Simulated Author's Rebuttal

3 responses · 0 unresolved

We thank the referee for the constructive and detailed feedback. We have addressed each major comment below with clarifications and commitments to revisions that strengthen the physical grounding and empirical support of the method without overstating current claims.

read point-by-point responses
  1. Referee: [Abstract, §3.2] Abstract and §3.2 (Geometric & Semantic Dual Explicit Guided Attention): the claim that DINO features plus 3D normals 'directly modulate the attention affinity matrix, structurally enforcing physical lighting constraints' is not supported by any explicit constraint equation, regularization term, or diagnostic metric (such as shadow-edge gradient consistency or albedo variance across lit/shadow regions). Without these, the mechanism reduces to an empirical attention prior whose physical interpretation remains unverified.

    Authors: We agree that the current wording overstates the enforcement as 'structural' without supporting formalism.

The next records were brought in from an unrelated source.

lemma continuous_on_F: "continuous_on UNIV F"
  using minkowski_norm by (simp add: minkowski_norm_def)

lemma F_scaleR: "c > 0 \<Longrightarrow> F (c *\<^sub>R y) = c * F y"
  using minkowski_norm by (simp add: minkowski_norm_def)

lemma fund_tensor_pos: "y \<noteq> 0 \<Longrightarrow> u \<noteq> 0 \<Longrightarrow> fund_tensor F y u u > 0"
  using minkowski_norm by (simp add: minkowski_norm_def)

lemma F_0 [simp]: "F 0 = 0"
  using F_scaleR[of 2 0] by simp

lemma open_punctured: "open (- {0 :: 'v})"
  by (simp add: open_Compl)

lemma differentiable_on_derivatives:
  "F differentiable_on - {0}"
  "(\<lambda>z. dF z u) differentiable_on - {0}"
  "(\<lambda>z. d2F z u v) differentiable_on - {0}"
proof -
  have "Ck_on 3 (UNIV - {0}) F"
    using minkowski_norm by (simp add: minkowski_norm_def smooth_on_def)
  then show "F differentiable_on - {0}" "(\<lambda>z. dF z u) differentiable_on - {0}"
      "(\<lambda>z. d2F z u v) differentiable_on - {0}"
    by (simp_all add: numeral_3_eq_3 dF_def d2F_def Compl_eq_Diff_UNIV)
qed

lemma has_derivative_F: "z \<noteq> 0 \<Longrightarrow> (F has_derivative dF z) (at z)"
  using differentiable_on_derivatives(1) open_punctured
  by (simp add: differentiable_on_eq_differentiable_at dF_def frechet_derivative_works)

lemma has_derivative_dF: "z \<noteq> 0 \<Longrightarrow> ((\<lambda>w. dF w u) has_derivative d2F z u) (at z)"
  using differentiable_on_derivatives(2) open_punctured
  by (simp add: differentiable_on_eq_differentiable_at d2F_def[abs_def] frechet_derivative_works)

lemma linear_dF: "z \<noteq> 0 \<Longrightarrow> linear (dF z)"
  using has_derivative_F has_derivative_linear by blast

lemma linear_d2F: "z \<noteq> 0 \<Longrightarrow> linear (d2F z u)"
  using has_derivative_dF has_derivative_linear by blast

lemma d2F_sym: "z \<noteq> 0 \<Longrightarrow> d2F z u v = d2F z v u"
proof (rule second_derivative_symmetric[OF open_punctured, where f = F and df = dF])
  show "isCont (\<lambda>z. d2F z u v) z" if "z \<noteq> 0" for u v z
    using differentiable_on_derivatives(3) open_punctured that
    by (metis ComplI continuous_on_eq_continuous_at differentiable_imp_continuous_on singletonD)
qed (use has_derivative_F has_derivative_dF in auto)

lemma dF_scaleR:
  assumes "y \<noteq> 0" "c > 0"
  shows "dF (c *\<^sub>R y) = dF y"
proof -
  have cy: "c *\<^sub>R y \<noteq> 0" using assms by simp
  have "((\<lambda>w. c *\<^sub>R w) has_derivative (\<lambda>w. c *\<^sub>R w)) (at y)"
    by (auto intro!: derivative_eq_intros)
  from has_derivative_compose[OF this has_derivative_F[OF cy]]
  have "((\<lambda>w. F (c *\<^sub>R w)) has_derivative (\<lambda>v. dF (c *\<^sub>R y) (c *\<^sub>R v))) (at y)" .
  moreover have "((\<lambda>w. F (c *\<^sub>R w)) has_derivative (\<lambda>v. c * dF y v)) (at y)"
    using has_derivative_F[OF assms(1)] by (auto simp: F_scaleR[OF assms(2)] intro!: derivative_eq_intros)
  ultimately have "(\<lambda>v. dF (c *\<^sub>R y) (c *\<^sub>R v)) = (\<lambda>v. c * dF y v)"
    by (rule has_derivative_unique)
  then show ?thesis using assms by (auto simp: fun_eq_iff linear_scale[OF linear_dF[OF cy]])
qed

lemma dF_radial: "y \<noteq> 0 \<Longrightarrow> dF y y = F y"
proof -
  assume y: "y \<noteq> 0"
  have "((\<lambda>t. F (0 + t *\<^sub>R y)) has_real_derivative dF y y) (at 1)"
    by (rule has_real_derivative_along_line) (use has_derivative_F y in simp)
  moreover have "((\<lambda>t. t * F y) has_real_derivative F y) (at 1)"
    by (auto intro!: derivative_eq_intros)
  ultimately show ?thesis
    by (rule DERIV_unique_on_open[where S = "{0<..}"]) (auto simp: F_scaleR)
qed

lemma d2F_radial: "y \<noteq> 0 \<Longrightarrow> d2F y u y = 0"
proof -
  assume y: "y \<noteq> 0"
  have "((\<lambda>t. dF (0 + t *\<^sub>R y) u) has_real_derivative d2F y u y) (at 1)"
    by (rule has_real_derivative_along_line[where f = "\<lambda>w. dF w u"]) (use has_derivative_dF y in simp)
  moreover have "((\<lambda>t. dF y u) has_real_derivative 0) (at 1)"
    by (auto intro!: derivative_eq_intros)
  ultimately show ?thesis
    by (rule DERIV_unique_on_open[where S = "{0<..}"]) (auto simp: dF_scaleR y)
qed

lemma has_derivative_F_squared:
  assumes "w \<noteq> 0"
  shows "((\<lambda>z. (F z)\<^sup>2) has_derivative (\<lambda>v. 2 * F w * dF w v)) (at w)"
proof -
  have "((\<lambda>z. F z * F z) has_derivative (\<lambda>v. F w * dF w v + dF w v * F w)) (at w)"
    by (rule has_derivative_mult[OF has_derivative_F[OF assms] has_derivative_F[OF assms]])
  then show ?thesis by (simp add: power2_eq_square algebra_simps)
qed

lemma fund_tensor_eq:
  assumes "z \<noteq> 0"
  shows "fund_tensor F z u v = dF z u * dF z v + F z * d2F z u v"
proof -
  have first_derivative: "frechet_derivative (\<lambda>z. (F z)\<^sup>2) (at w) u = 2 * F w * dF w u"
    if "w \<in> - {0}" for w
  proof -
    have "w \<noteq> 0" using that by simp
    from frechet_derivative_at[OF has_derivative_F_squared[OF this]] show ?thesis by metis
  qed
  have "((\<lambda>w. 2 * F w) has_derivative (\<lambda>v. 2 * dF z v)) (at z)"
    by (auto intro!: derivative_eq_intros has_derivative_F assms)
  from has_derivative_mult[OF this has_derivative_dF[OF assms]]
  have "((\<lambda>w. 2 * F w * dF w u) has_derivative
      (\<lambda>v. 2 * F z * d2F z u v + 2 * dF z v * dF z u)) (at z)" .
  then have "((\<lambda>w. frechet_derivative (\<lambda>z. (F z)\<^sup>2) (at w) u) has_derivative
      (\<lambda>v. 2 * F z * d2F z u v + 2 * dF z v * dF z u)) (at z)"
    by (rule has_derivative_transform_within_open[OF _ open_punctured]) (use assms first_derivative in auto)
  from frechet_derivative_at[OF this]
  have "hess (\<lambda>z. (F z)\<^sup>2) z u v = 2 * F z * d2F z u v + 2 * dF z v * dF z u"
    unfolding hess_def by metis
  then show ?thesis by (simp add: fund_tensor_def algebra_simps)
qed

lemma fund_tensor_sym: "z \<noteq> 0 \<Longrightarrow> fund_tensor F z u v = fund_tensor F z v u"
  by (simp add: fund_tensor_eq d2F_sym mult.commute)

lemma linear_fund_tensor: "z \<noteq> 0 \<Longrightarrow> linear (fund_tensor F z u)"
  unfolding linear_iff using linear_dF linear_d2F
  by (simp add: fund_tensor_eq linear_add linear_scale algebra_simps)

lemma linear_fund_tensor_left:
  assumes "z \<noteq> 0"
  shows "linear (\<lambda>u. fund_tensor F z u v)"
proof -
  have "(\<lambda>u. fund_tensor F z u v) = fund_tensor F z v" using fund_tensor_sym[OF assms] by auto
  then show ?thesis using linear_fund_tensor[OF assms] by simp
qed

lemma fund_tensor_radial: "y \<noteq> 0 \<Longrightarrow> fund_tensor F y y v = F y * dF y v"
  using d2F_sym[of y y v] d2F_radial[of y v] by (simp add: fund_tensor_eq dF_radial)

lemma F_pos: "y \<noteq> 0 \<Longrightarrow> F y > 0"
  using fund_tensor_pos[of y y] fund_tensor_radial[of y y] dF_radial[of y] F_nonneg[of y]
  by (auto simp: less_le)

lemma F_eq_0_iff: "F y = 0 \<longleftrightarrow> y = 0"
  using F_pos by force

lemma fund_tensor_eq_inner: "y \<noteq> 0 \<Longrightarrow> fund_tensor F y u v = fund_op F y v \<bullet> u"
  unfolding fund_op_def by (rule inner_sum_Basis_linear[OF linear_fund_tensor_left, symmetric])

lemma linear_fund_op: "y \<noteq> 0 \<Longrightarrow> linear (fund_op F y)"
  unfolding linear_iff fund_op_def
  by (simp add: linear_add[OF linear_fund_tensor] linear_scale[OF linear_fund_tensor]
        scaleR_add_left sum.distrib scaleR_sum_right)

lemma posdef_fund_op:
  assumes "y \<noteq> 0"
  shows "posdef_op (fund_op F y)"
  unfolding posdef_op_def
proof (intro conjI allI impI)
  show "linear (fund_op F y)" using linear_fund_op[OF assms] .
  show "fund_op F y u \<bullet> v = u \<bullet> fund_op F y v" for u v
    using fund_tensor_eq_inner[OF assms] fund_tensor_sym[OF assms] by (metis inner_commute)
  show "fund_op F y v \<bullet> v > 0" if "v \<noteq> 0" for v
    using fund_tensor_eq_inner[OF assms] fund_tensor_pos[OF assms that] by simp
qed

section \<open>The Legendre transformation and the dual metric\<close>

lemma legendre_eq: "y \<noteq> 0 \<Longrightarrow> legendre F y = (\<Sum>b\<in>Basis. (F y * dF y b) *\<^sub>R b)"
  by (simp add: legendre_def fund_tensor_radial)

lemma inner_legendre:
  assumes "y \<noteq> 0"
  shows "legendre F y \<bullet> v = fund_tensor F y y v"
  unfolding legendre_def using inner_sum_Basis_linear[OF linear_fund_tensor[OF assms]] assms by simp

lemma inner_legendre_self: "legendre F y \<bullet> y = (F y)\<^sup>2"
proof (cases "y = 0")
  case False
  then show ?thesis by (simp add: inner_legendre fund_tensor_radial dF_radial power2_eq_square)
qed (simp add: legendre_def)

lemma legendre_eq_0_iff: "legendre F y = 0 \<longleftrightarrow> y = 0"
proof
  assume "legendre F y = 0"
  then have "(F y)\<^sup>2 = 0" using inner_legendre_self[of y] by simp
  then show "y = 0" using F_eq_0_iff by simp
qed (simp add: legendre_def)

lemma legendre_scaleR:
  assumes "c > 0"
  shows "legendre F (c *\<^sub>R y) = c *\<^sub>R legendre F y"
proof (cases "y = 0")
  case False
  with assms show ?thesis by (simp add: legendre_eq F_scaleR dF_scaleR scaleR_sum_right mult.assoc)
qed (simp add: legendre_def)

lemma has_derivative_legendre:
  assumes "y \<noteq> 0"
  shows "(legendre F has_derivative fund_op F y) (at y)"
proof -
  have "((\<lambda>w. (F w * dF w b) *\<^sub>R b) has_derivative
      (\<lambda>v. (F y * d2F y b v + dF y v * dF y b) *\<^sub>R b)) (at y)" for b
    using has_derivative_scaleR_left[OF has_derivative_mult[OF has_derivative_F[OF assms]
          has_derivative_dF[OF assms]], of b] .
  then have "((\<lambda>w. \<Sum>b\<in>Basis. (F w * dF w b) *\<^sub>R b) has_derivative
      (\<lambda>v. \<Sum>b\<in>Basis. (F y * d2F y b v + dF y v * dF y b) *\<^sub>R b)) (at y)"
    by (rule has_derivative_sum)
  moreover have "(\<lambda>v. \<Sum>b\<in>Basis. (F y * d2F y b v + dF y v * dF y b) *\<^sub>R b) = fund_op F y"
  proof
    fix v
    show "(\<Sum>b\<in>Basis. (F y * d2F y b v + dF y v * dF y b) *\<^sub>R b) = fund_op F y v"
      unfolding fund_op_def fund_tensor_eq[OF assms] by (rule sum.cong) (simp_all add: mult.commute)
  qed
  ultimately have derivative: "((\<lambda>w. \<Sum>b\<in>Basis. (F w * dF w b) *\<^sub>R b) has_derivative fund_op F y) (at y)"
    by simp
  have agree: "(\<Sum>b\<in>Basis. (F w * dF w b) *\<^sub>R b) = legendre F w" if "w \<in> - {0}" for w
    using legendre_eq[of w] that by simp
  show ?thesis
    by (rule has_derivative_transform_within_open[OF derivative open_punctured _ agree]) (use assms in simp)
qed

lemma continuous_on_legendre: "continuous_on (- {0}) (legendre F)"
  by (intro continuous_at_imp_continuous_on ballI has_derivative_continuous[OF has_derivative_legendre])
    simp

The modulation occurs by adding projected DINO and normal features to the attention logits before the softmax, which empirically biases attention toward geometrically consistent regions, but this remains a learned prior. In revision we will replace the claim with precise equations for the guided attention (A' = softmax((QK^T + g(DINO, N))/√d_k)), add a dedicated diagnostic subsection with metrics (albedo variance across lit/shadow pairs and shadow-edge gradient consistency), and report these results on the benchmarks. revision: yes

  2. Referee: [Abstract, Experiments] Abstract and Experiments section: the assertion of 'state-of-the-art performance across multiple challenging benchmarks' is presented without any quantitative tables, baseline comparisons, error bars, or ablation results in the provided text. This prevents assessment of whether the reported gains are statistically meaningful or attributable to the proposed physical-disentanglement components rather than architecture scale.

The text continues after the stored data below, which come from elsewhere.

(* Let $n \geq 1$. The triple $(\mathcal{G}([n]), \mathbf{g}_{[n]}, (\gamma_1, \dots, \gamma_n))$ is an $n$-expansion group, and the unique homomorphism of $n$-expansion groups $\mathcal{C}([n]) \to \mathcal{G}([n])$ sending $x_i \mapsto \gamma_i$ is an isomorphism. Every $n$-expansion group $(G, \phi, (g_1, \dots, g_n))$ admits a unique epimorphism of $n$-expansion groups $(\mathcal{G}([n]), \mathbf{g}_{[n]}, (\gamma_1, \dots, \gamma_n)) \twoheadrightarrow (G, \phi, (g_1, \dots, g_n))$. In particular $\#G \leq 2^{n 2^{n-1} - 2^n + n + 1}$, with equality if and only if this epimorphism is an isomorphism.
   Context: $V_{[n]} = \mathbb{F}_2^n$ with standard basis $e_1,\dots,e_n$. An $n$-expansion group is a triple $(G, \phi, (g_1,\dots,g_n))$ where $G$ is a group, $\phi: G \to V_{[n]}$ is a homomorphism, $g_i \in G$ with $\phi(g_i) = e_i$ and $g_i^2 = 1$ for all $i$, $\ker\phi$ is an elementary abelian $2$-group, and $[G,G] = \ker \phi$. A homomorphism of $n$-expansion groups $(G,\phi,(g_i)) \to (G',\phi',(g_i'))$ is a group homomorphism $f$ with $f(g_i) = g_i'$ for all $i$. For $i \in [n]$, let $U_i$ be the $\mathbb{F}_2$-vector space with basis $\{e_A : A \subseteq [n], i \in A\}$, with $\mathbb{F}_2^{[n]\setminus\{i\}}$ acting linearly by $e_j \cdot e_A = e_A + e_{A \cup \{j\}}$ if $j \notin A$ and $e_j \cdot e_A = e_A$ if $j \in A$. Let $G_i([n]) = U_i \rtimes \mathbb{F}_2^{[n]\setminus\{i\}}$, let $g_{i,j} = (0, e_j)$ for $j \neq i$ and $g_{i,i} = (e_{\{i\}}, 0)$, and let $\phi_i: G_i([n]) \to V_{[n]}$ be the homomorphism $(u, w) \mapsto w + c(u) e_i$, where $c(u)$ is the coefficient of $e_{\{i\}}$ in $u$ (so $\phi_i(g_{i,j}) = e_j$). Let $\mathcal{G}([n])$ be the subgroup of $\prod_{i \in [n]} G_i([n])$ generated by $\gamma_j = (g_{1,j}, \dots, g_{n,j})$, $j \in [n]$, and $\mathbf{g}_{[n]}: \mathcal{G}([n]) \to V_{[n]}$ the restriction of $(\phi_1,\dots,\phi_n) \mapsto$ common value (i.e. $\mathbf{g}_{[n]}(\gamma_j) = e_j$). Let $F_{[n]}$ be the free group on $x_1,\dots,x_n$, $\widetilde{N}$ the smallest normal subgroup containing all squares of elements of $[F_{[n]},F_{[n]}]$ and $x_1^2,\dots,x_n^2$, $\mathcal{C}([n]) = F_{[n]}/\widetilde{N}$, viewed as an $n$-expansion group with generators the images of $x_i$ and the map to $V_{[n]}$ induced by $x_i \mapsto e_i$. *)

theory Defs
  imports "HOL-Algebra.Algebra"
begin

section \<open>The group V_[n] = F_2^n, elements are subsets of {1..n} (e_i = {i})\<close>

definition symdiff :: "'a set \<Rightarrow> 'a set \<Rightarrow> 'a set" where
  "symdiff A B = (A - B) \<union> (B - A)"

definition Vn :: "nat \<Rightarrow> nat set monoid" where
  "Vn n = \<lparr>carrier = Pow {1..n}, monoid.mult = symdiff, one = {}\<rparr>"

definition expansion_group ::
  "nat \<Rightarrow> ('a, 'b) monoid_scheme \<Rightarrow> ('a \<Rightarrow> nat set) \<Rightarrow> (nat \<Rightarrow> 'a) \<Rightarrow> bool" where
  "expansion_group n G \<phi> g \<longleftrightarrow>
     group G \<and> \<phi> \<in> hom G (Vn n) \<and>
     (\<forall>i\<in>{1..n}. g i \<in> carrier G \<and> \<phi> (g i) = {i} \<and> g i \<otimes>\<^bsub>G\<^esub> g i = \<one>\<^bsub>G\<^esub>) \<and>
     (\<forall>x\<in>kernel G (Vn n) \<phi>. \<forall>y\<in>kernel G (Vn n) \<phi>. x \<otimes>\<^bsub>G\<^esub> y = y \<otimes>\<^bsub>G\<^esub> x) \<and>
     (\<forall>x\<in>kernel G (Vn n) \<phi>. x \<otimes>\<^bsub>G\<^esub> x = \<one>\<^bsub>G\<^esub>) \<and>
     derived G (carrier G) = kernel G (Vn n) \<phi>"

definition expansion_hom ::
  "nat \<Rightarrow> ('a, 'b) monoid_scheme \<Rightarrow> (nat \<Rightarrow> 'a) \<Rightarrow> ('c, 'd) monoid_scheme \<Rightarrow> (nat \<Rightarrow> 'c)
     \<Rightarrow> ('a \<Rightarrow> 'c) \<Rightarrow> bool" where
  "expansion_hom n G g H h f \<longleftrightarrow> f \<in> hom G H \<and> (\<forall>i\<in>{1..n}. f (g i) = h i)"

text \<open>An element of U_i is the set of those A (A \<subseteq> [n], i \<in> A) whose basis vector e_A
  has coefficient 1. An element of F_2^([n]-{i}) is a subset w of [n]-{i}.\<close>

definition Ucar :: "nat \<Rightarrow> nat \<Rightarrow> nat set set set" where
  "Ucar n i = Pow {A. A \<subseteq> {1..n} \<and> i \<in> A}"

text \<open>Linear action of the basis vector e_j: e_A \<mapsto> e_A + e_(A \<union> {j}) if j \<notin> A, e_A otherwise.\<close>
definition act_gen :: "nat \<Rightarrow> nat set set \<Rightarrow> nat set set" where
  "act_gen j u = symdiff u {insert j A | A. A \<in> u \<and> j \<notin> A}"

text \<open>Action of w = sum of e_j (j \<in> w): composition of the (commuting) generator actions.\<close>
definition act :: "nat set \<Rightarrow> nat set set \<Rightarrow> nat set set" where
  "act w u = Finite_Set.fold act_gen u w"

definition Gi :: "nat \<Rightarrow> nat \<Rightarrow> (nat set set \<times> nat set) monoid" where
  "Gi n i = \<lparr>carrier = Ucar n i \<times> Pow ({1..n} - {i}),
             monoid.mult = (\<lambda>(u, w) (u', w'). (symdiff u (act w u'), symdiff w w')),
             one = ({}, {})\<rparr>"

definition gi :: "nat \<Rightarrow> nat \<Rightarrow> nat set set \<times> nat set" where
  "gi i j = (if j = i then ({{i}}, {}) else ({}, {j}))"

definition phii :: "nat \<Rightarrow> nat set set \<times> nat set \<Rightarrow> nat set" where
  "phii i x = symdiff (snd x) (if {i} \<in> fst x then {i} else {})"

definition ProdG :: "nat \<Rightarrow> (nat \<Rightarrow> nat set set \<times> nat set) monoid" where
  "ProdG n = product_group {1..n} (Gi n)"

definition gamma :: "nat \<Rightarrow> nat \<Rightarrow> (nat \<Rightarrow> nat set set \<times> nat set)" where
  "gamma n j = (\<lambda>i\<in>{1..n}. gi i j)"

definition GG :: "nat \<Rightarrow> (nat \<Rightarrow> nat set set \<times> nat set) monoid" where
  "GG n = subgroup_generated (ProdG n) (gamma n ` {1..n})"

definition gbold :: "nat \<Rightarrow> (nat \<Rightarrow> nat set set \<times> nat set) \<Rightarrow> nat set" where
  "gbold n x = (THE v. \<forall>i\<in>{1..n}. phii i (x i) = v)"

text \<open>Letters: (False, a) is x_a, (True, a) is x_a^(-1). Elements: reduced words.\<close>

definition cancels :: "bool \<times> nat \<Rightarrow> bool \<times> nat \<Rightarrow> bool" where
  "cancels l m \<longleftrightarrow> snd l = snd m \<and> fst l \<noteq> fst m"

fun reduced :: "(bool \<times> nat) list \<Rightarrow> bool" where
  "reduced (l # m # ws) = (\<not> cancels l m \<and> reduced (m # ws))"
| "reduced _ = True"

fun cons_red :: "bool \<times> nat \<Rightarrow> (bool \<times> nat) list \<Rightarrow> (bool \<times> nat) list" where
  "cons_red l [] = [l]"
| "cons_red l (m # ms) = (if cancels l m then ms else l # m # ms)"

definition FreeGrp :: "nat \<Rightarrow> (bool \<times> nat) list monoid" where
  "FreeGrp n = \<lparr>carrier = {w. reduced w \<and> snd ` set w \<subseteq> {1..n}},
                monoid.mult = (\<lambda>v w. foldr cons_red v w),
                one = []\<rparr>"

definition xgen :: "nat \<Rightarrow> (bool \<times> nat) list" where
  "xgen i = [(False, i)]"

definition normal_closure :: "('a, 'b) monoid_scheme \<Rightarrow> 'a set \<Rightarrow> 'a set" where
  "normal_closure G S =
     generate G {g \<otimes>\<^bsub>G\<^esub> s \<otimes>\<^bsub>G\<^esub> inv\<^bsub>G\<^esub> g | g s. g \<in> carrier G \<and> s \<in> S}"

definition Ntilde :: "nat \<Rightarrow> (bool \<times> nat) list set" where
  "Ntilde n = normal_closure (FreeGrp n)
     ({h \<otimes>\<^bsub>FreeGrp n\<^esub> h | h. h \<in> derived (FreeGrp n) (carrier (FreeGrp n))}
      \<union> {xgen i \<otimes>\<^bsub>FreeGrp n\<^esub> xgen i | i. i \<in> {1..n}})"

definition CC :: "nat \<Rightarrow> (bool \<times> nat) list set monoid" where
  "CC n = FreeGrp n Mod Ntilde n"

definition cgen :: "nat \<Rightarrow> nat \<Rightarrow> (bool \<times> nat) list set" where
  "cgen n i = Ntilde n #>\<^bsub>FreeGrp n\<^esub> xgen i"

definition parity_map :: "(bool \<times> nat) list \<Rightarrow> nat set" where
  "parity_map w = {a. odd (length (filter (\<lambda>l. snd l = a) w))}"

definition cphi :: "nat \<Rightarrow> (bool \<times> nat) list set \<Rightarrow> nat set" where
  "cphi n C = (THE v. \<exists>w\<in>C. parity_map w = v)"

definition bound_exp :: "nat \<Rightarrow> nat" where
  "bound_exp n = n * 2 ^ (n - 1) + n + 1 - 2 ^ n"

end

theory Submission
  imports Defs
begin

text \<open>
  In an \<open>n\<close>-expansion group \<open>G\<close> the kernel \<open>D = [G, G]\<close> is an \<open>\<bbbF>_2\<close>-vector space on which
  conjugation by an involution \<open>a\<close> acts linearly; put \<open>\<delta>_a = 1 + c_a\<close>. These operators commute,
  satisfy \<open>\<delta>_a \<delta>_a = 0\<close> and the Jacobi identity \<open>\<delta>_a [b, c] = \<delta>_b [a, c] + \<delta>_c [a, b]\<close>.
  Consequently the \<open>#J = n 2^(n-1) - 2^n + 1\<close> commuting involutions \<open>\<delta>_T [g_m, g_j]\<close>
  (\<open>m < j\<close>, \<open>m < min T\<close>) span a subgroup normalised by every \<open>g_i\<close>, and adjoining
  \<open>g_1, \<dots>, g_n\<close> one at a time at most doubles its order each time. Since \<open>G = \<langle>g_i\<rangle> D\<close>, the
  nilpotency of the \<open>\<delta>\<close>'s shows that the \<open>g_i\<close> generate \<open>G\<close>; hence \<open>#G \<le> 2^(n + #J)\<close>.

  In \<open>\<G>([n])\<close> all coordinates are explicit, and the corresponding elements are visibly
  independent, so \<open>\<G>([n])\<close> is an expansion group attaining the bound. The free construction
  \<open>\<C>([n])\<close> is an expansion group mapping onto every expansion group, in particular onto
  \<open>\<G>([n])\<close>; comparing orders this map is an isomorphism, and composing its inverse with
  \<open>\<C>([n]) \<rightarrow> G\<close> gives the epimorphism \<open>\<G>([n]) \<rightarrow> G\<close>.
\<close>

section \<open>Groups generated by involutions\<close>

lemma (in group) inv_involution: "x \<in> carrier G \<Longrightarrow> x \<otimes> x = \<one> \<Longrightarrow> inv x = x"
  by (rule inv_equality)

    Authors: The full manuscript contains an Experiments section with tables reporting PSNR/SSIM on ISTD, SRD, and ISTD+ benchmarks against recent baselines, plus ablations isolating each component and standard-deviation error bars. We acknowledge that the abstract does not reference these numbers and that the review copy may have obscured the tables. We will revise the abstract to cite the key quantitative margins and ensure all tables explicitly include error bars, statistical significance, and component-wise ablations demonstrating that gains derive from the geometric and frequency modules rather than scale alone. revision: partial

  3. Referee: [§3.3] §3.3 (FCRM): the description of decoupling high-frequency occlusion boundaries from low-frequency global illumination via frequency collaboration is conceptually appealing, but no loss formulation or frequency-domain analysis is supplied to demonstrate that the module enforces illumination consistency that standard decoders lack.

    Authors: We accept that the current description lacks the requested formalism. The FCRM applies separate high-frequency (edge-preserving) and low-frequency (illumination) branches with geometry-conditioned fusion; the loss includes an L1 term on high-frequency residuals and a total-variation smoothness term on the low-frequency illumination map. In revision we will insert the explicit loss equations, describe the frequency decomposition (wavelet-based), and add FFT spectrum plots plus quantitative illumination-consistency metrics comparing FCRM against a standard decoder baseline. revision: yes

Circularity Check

0 steps flagged

No circularity: empirical architecture with external benchmarks

full rationale

The paper proposes a neural architecture (HVI mapping, depth fusion, DINO+normals guided attention, FCRM) for shadow removal and reports SOTA on benchmarks. No derivation chain, equations, fitted parameters relabeled as predictions, or self-citations appear in the provided text. All performance claims rest on external evaluation rather than reducing to the method's own inputs by construction. The physical-constraint framing is a design motivation, not a self-referential proof.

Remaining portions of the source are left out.